WHAT YOU ARE ASKED TO DO » Using the listing below, print exactly everything from the line with "using gamma_ratio_eq_zeta_twos_above_gf[OF y1" down to the line with "(k, m)) sums", both included, and nothing more.
═══ GIVEN RECORDS ═══
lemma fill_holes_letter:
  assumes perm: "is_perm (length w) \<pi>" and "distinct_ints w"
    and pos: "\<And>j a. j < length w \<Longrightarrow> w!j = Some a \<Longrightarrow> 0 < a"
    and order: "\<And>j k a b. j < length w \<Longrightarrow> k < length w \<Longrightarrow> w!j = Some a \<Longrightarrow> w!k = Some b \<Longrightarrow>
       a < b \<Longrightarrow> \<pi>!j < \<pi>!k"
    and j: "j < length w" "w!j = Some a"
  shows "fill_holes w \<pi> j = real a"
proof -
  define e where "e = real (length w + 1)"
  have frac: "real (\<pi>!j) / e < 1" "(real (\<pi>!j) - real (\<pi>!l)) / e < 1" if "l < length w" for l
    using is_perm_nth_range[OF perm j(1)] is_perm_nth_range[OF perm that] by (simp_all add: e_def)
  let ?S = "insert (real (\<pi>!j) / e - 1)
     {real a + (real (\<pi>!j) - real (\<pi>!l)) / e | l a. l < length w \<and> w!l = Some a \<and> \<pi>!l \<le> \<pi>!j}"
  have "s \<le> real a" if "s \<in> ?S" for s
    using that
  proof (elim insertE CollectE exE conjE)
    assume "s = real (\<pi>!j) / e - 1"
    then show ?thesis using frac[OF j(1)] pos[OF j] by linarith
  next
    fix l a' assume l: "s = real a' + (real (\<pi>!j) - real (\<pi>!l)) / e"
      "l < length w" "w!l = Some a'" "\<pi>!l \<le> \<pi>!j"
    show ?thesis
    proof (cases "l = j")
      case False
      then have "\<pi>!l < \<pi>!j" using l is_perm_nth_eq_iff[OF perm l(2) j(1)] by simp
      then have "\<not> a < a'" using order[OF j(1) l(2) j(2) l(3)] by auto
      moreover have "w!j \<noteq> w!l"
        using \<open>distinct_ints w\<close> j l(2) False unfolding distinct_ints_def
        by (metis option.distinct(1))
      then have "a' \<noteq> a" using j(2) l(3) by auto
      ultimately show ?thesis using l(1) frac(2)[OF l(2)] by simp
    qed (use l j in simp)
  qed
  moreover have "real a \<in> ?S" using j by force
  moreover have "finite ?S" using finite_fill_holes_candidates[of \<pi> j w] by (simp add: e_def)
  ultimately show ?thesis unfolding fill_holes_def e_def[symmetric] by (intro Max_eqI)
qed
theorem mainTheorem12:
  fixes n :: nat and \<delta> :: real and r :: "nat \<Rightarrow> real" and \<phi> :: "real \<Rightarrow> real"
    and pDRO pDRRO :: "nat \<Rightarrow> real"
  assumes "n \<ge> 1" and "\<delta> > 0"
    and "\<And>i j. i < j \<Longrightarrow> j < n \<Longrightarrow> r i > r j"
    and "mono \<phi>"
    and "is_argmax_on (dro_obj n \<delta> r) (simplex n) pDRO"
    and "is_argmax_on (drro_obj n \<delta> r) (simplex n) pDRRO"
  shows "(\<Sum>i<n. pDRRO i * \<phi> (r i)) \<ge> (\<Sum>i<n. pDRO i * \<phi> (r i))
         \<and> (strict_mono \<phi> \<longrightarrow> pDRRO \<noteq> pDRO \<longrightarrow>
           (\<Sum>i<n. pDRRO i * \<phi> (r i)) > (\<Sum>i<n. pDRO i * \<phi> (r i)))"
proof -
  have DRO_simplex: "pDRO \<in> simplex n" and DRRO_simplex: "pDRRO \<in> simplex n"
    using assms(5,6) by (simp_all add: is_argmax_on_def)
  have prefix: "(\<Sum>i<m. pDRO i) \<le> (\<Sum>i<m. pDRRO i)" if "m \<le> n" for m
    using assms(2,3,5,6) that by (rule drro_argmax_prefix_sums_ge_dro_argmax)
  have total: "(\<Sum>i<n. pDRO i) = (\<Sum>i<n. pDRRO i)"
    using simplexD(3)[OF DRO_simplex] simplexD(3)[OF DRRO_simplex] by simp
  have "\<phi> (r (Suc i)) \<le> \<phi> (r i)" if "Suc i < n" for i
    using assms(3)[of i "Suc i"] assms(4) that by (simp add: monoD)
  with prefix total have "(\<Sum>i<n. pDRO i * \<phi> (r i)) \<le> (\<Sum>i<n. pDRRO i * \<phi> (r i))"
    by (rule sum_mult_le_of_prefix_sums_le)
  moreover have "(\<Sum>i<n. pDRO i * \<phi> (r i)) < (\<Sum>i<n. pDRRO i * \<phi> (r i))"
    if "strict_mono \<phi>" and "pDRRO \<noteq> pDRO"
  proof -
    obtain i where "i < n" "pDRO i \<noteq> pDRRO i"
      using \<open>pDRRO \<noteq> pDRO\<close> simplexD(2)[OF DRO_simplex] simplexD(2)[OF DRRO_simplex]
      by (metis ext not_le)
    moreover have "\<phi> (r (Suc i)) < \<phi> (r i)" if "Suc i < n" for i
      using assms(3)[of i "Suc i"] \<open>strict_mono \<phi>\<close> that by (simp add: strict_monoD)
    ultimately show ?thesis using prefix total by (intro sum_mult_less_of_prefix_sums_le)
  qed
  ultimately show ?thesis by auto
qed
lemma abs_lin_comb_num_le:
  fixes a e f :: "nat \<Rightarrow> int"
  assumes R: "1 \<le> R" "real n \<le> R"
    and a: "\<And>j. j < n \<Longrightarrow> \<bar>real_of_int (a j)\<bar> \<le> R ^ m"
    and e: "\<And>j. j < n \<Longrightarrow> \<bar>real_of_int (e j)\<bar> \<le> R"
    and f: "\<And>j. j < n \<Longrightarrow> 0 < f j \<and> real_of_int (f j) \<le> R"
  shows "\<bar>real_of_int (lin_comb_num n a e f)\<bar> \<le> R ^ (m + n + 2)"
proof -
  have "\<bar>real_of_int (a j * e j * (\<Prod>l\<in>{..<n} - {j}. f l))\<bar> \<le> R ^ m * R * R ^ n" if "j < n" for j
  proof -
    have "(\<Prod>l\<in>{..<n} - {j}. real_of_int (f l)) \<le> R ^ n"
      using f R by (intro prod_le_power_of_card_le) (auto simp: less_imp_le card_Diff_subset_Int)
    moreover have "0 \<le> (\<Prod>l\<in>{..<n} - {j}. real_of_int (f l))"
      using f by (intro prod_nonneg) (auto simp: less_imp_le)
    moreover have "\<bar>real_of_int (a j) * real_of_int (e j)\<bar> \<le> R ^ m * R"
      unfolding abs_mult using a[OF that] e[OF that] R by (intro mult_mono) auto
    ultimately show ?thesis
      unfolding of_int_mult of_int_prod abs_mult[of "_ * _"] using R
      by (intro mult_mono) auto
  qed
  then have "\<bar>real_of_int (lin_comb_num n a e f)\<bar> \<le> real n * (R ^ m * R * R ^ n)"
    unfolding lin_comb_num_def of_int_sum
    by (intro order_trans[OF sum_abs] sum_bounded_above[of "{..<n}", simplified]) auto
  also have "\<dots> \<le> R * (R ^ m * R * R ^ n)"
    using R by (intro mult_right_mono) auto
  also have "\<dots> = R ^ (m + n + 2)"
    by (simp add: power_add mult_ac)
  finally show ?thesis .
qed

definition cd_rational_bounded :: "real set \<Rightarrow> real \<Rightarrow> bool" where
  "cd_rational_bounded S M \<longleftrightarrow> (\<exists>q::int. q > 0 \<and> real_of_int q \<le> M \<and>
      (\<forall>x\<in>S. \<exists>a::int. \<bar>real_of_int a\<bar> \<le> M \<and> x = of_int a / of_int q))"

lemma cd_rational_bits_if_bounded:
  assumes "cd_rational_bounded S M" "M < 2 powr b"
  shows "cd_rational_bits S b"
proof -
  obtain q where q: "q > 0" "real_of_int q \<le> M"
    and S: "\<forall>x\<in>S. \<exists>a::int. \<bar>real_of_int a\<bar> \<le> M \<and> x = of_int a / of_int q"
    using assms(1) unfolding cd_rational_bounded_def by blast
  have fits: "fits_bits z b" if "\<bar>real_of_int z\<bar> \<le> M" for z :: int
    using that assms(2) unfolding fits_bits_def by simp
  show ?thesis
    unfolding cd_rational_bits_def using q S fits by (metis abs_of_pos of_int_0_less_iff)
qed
═══
═══ GIVEN RECORDS ═══
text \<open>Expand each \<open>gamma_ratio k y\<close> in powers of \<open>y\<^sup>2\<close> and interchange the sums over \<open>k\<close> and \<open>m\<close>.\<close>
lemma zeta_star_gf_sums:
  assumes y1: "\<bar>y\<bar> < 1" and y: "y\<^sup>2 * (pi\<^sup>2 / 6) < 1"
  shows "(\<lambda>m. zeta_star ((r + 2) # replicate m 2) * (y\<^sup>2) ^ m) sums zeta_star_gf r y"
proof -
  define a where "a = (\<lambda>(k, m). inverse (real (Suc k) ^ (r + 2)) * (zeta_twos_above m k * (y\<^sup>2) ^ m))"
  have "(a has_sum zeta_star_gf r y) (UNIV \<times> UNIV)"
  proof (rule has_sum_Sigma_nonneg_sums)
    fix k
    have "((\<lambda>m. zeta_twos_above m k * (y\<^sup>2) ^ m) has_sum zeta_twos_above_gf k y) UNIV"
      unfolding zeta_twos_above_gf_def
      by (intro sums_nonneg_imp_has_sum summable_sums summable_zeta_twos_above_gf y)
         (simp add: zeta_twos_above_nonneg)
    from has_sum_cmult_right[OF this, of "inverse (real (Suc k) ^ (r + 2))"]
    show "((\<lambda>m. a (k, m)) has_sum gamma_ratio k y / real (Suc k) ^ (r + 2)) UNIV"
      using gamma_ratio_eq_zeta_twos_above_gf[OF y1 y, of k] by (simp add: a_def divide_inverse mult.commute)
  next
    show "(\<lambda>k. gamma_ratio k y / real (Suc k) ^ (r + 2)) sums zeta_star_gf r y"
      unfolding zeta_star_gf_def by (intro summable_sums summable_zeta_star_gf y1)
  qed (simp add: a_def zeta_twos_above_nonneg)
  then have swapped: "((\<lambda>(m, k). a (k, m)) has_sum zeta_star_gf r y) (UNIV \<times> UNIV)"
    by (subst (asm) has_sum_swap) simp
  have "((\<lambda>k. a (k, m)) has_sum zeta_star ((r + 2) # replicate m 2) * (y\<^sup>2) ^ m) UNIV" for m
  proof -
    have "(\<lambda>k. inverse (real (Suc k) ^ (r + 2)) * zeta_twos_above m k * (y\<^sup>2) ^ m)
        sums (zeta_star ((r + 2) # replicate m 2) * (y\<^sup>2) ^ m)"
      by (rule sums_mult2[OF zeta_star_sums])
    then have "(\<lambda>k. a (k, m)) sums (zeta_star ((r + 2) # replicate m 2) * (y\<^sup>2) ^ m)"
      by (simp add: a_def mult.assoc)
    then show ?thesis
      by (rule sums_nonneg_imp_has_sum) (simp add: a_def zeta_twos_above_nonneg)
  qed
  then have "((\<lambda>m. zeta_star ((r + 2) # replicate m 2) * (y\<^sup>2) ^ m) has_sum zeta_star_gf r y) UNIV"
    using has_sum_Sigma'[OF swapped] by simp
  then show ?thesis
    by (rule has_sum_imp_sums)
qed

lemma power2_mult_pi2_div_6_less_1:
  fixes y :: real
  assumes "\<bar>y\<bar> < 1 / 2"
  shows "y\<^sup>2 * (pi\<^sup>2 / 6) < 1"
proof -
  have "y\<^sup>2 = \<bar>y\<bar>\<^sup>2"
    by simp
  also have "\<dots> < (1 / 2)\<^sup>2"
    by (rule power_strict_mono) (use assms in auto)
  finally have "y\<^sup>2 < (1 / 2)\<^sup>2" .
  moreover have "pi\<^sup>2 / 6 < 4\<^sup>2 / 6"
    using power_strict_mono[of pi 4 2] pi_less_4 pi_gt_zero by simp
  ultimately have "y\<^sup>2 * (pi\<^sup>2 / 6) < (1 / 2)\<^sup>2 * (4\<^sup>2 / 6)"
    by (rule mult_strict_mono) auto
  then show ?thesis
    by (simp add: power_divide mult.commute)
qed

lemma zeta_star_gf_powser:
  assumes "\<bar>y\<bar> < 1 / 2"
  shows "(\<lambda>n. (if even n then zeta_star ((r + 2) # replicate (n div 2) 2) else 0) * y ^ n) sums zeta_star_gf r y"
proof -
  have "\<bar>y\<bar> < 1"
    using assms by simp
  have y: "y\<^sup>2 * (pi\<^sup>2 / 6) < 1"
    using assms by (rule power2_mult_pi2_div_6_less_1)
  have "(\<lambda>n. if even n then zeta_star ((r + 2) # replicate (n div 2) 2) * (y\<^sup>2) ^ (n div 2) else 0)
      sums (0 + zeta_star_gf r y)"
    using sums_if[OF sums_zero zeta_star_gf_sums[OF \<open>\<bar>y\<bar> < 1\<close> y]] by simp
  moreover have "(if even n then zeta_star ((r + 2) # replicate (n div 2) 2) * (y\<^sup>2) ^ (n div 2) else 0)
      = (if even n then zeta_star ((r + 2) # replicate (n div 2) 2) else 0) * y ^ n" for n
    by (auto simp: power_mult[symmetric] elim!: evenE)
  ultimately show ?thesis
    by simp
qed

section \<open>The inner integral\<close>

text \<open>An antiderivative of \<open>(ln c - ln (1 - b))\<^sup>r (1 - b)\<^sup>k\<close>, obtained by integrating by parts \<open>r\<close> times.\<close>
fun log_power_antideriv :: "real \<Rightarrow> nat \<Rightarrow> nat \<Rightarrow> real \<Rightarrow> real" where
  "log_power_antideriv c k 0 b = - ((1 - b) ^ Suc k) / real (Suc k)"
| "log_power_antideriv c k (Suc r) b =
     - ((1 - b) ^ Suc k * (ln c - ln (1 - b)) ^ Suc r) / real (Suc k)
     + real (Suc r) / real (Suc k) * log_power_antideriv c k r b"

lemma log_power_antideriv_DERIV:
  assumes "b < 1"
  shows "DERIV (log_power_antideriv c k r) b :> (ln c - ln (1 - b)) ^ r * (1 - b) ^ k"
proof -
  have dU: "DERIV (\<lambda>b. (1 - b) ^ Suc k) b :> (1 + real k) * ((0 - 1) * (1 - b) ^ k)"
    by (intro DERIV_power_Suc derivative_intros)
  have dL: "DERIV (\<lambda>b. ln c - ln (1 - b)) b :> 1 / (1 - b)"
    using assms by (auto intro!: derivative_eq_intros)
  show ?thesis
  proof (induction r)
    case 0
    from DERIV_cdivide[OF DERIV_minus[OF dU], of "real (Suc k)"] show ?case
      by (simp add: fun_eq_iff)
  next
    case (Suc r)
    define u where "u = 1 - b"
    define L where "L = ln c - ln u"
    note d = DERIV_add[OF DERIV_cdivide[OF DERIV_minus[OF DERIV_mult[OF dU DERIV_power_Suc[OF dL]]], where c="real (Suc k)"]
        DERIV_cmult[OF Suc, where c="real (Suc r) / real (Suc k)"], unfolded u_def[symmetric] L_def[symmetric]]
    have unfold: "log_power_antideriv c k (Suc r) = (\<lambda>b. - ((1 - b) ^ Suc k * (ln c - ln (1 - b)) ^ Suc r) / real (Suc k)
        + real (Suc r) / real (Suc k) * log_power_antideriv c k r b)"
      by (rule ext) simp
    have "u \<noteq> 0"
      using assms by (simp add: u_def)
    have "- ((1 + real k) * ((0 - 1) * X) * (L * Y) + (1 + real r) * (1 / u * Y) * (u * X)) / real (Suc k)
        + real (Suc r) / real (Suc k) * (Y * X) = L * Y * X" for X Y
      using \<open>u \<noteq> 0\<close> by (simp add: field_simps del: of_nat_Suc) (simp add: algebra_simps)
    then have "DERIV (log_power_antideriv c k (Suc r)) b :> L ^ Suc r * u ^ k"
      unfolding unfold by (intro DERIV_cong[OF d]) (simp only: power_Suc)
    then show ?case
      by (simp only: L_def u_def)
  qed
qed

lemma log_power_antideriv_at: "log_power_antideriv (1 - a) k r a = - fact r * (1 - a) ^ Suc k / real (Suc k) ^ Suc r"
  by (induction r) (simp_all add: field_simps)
═══
SOLUTION TO THE EXERCISE »
      using gamma_ratio_eq_zeta_twos_above_gf[OF y1 y, of k] by (simp add: a_def divide_inverse mult.commute)
  next
    show "(\<lambda>k. gamma_ratio k y / real (Suc k) ^ (r + 2)) sums zeta_star_gf r y"
      unfolding zeta_star_gf_def by (intro summable_sums summable_zeta_star_gf y1)
  qed (simp add: a_def zeta_twos_above_nonneg)
  then have swapped: "((\<lambda>(m, k). a (k, m)) has_sum zeta_star_gf r y) (UNIV \<times> UNIV)"
    by (subst (asm) has_sum_swap) simp
  have "((\<lambda>k. a (k, m)) has_sum zeta_star ((r + 2) # replicate m 2) * (y\<^sup>2) ^ m) UNIV" for m
  proof -
    have "(\<lambda>k. inverse (real (Suc k) ^ (r + 2)) * zeta_twos_above m k * (y\<^sup>2) ^ m)
        sums (zeta_star ((r + 2) # replicate m 2) * (y\<^sup>2) ^ m)"
      by (rule sums_mult2[OF zeta_star_sums])
    then have "(\<lambda>k. a (k, m)) sums (zeta_star ((r + 2) # replicate m 2) * (y\<^sup>2) ^ m)"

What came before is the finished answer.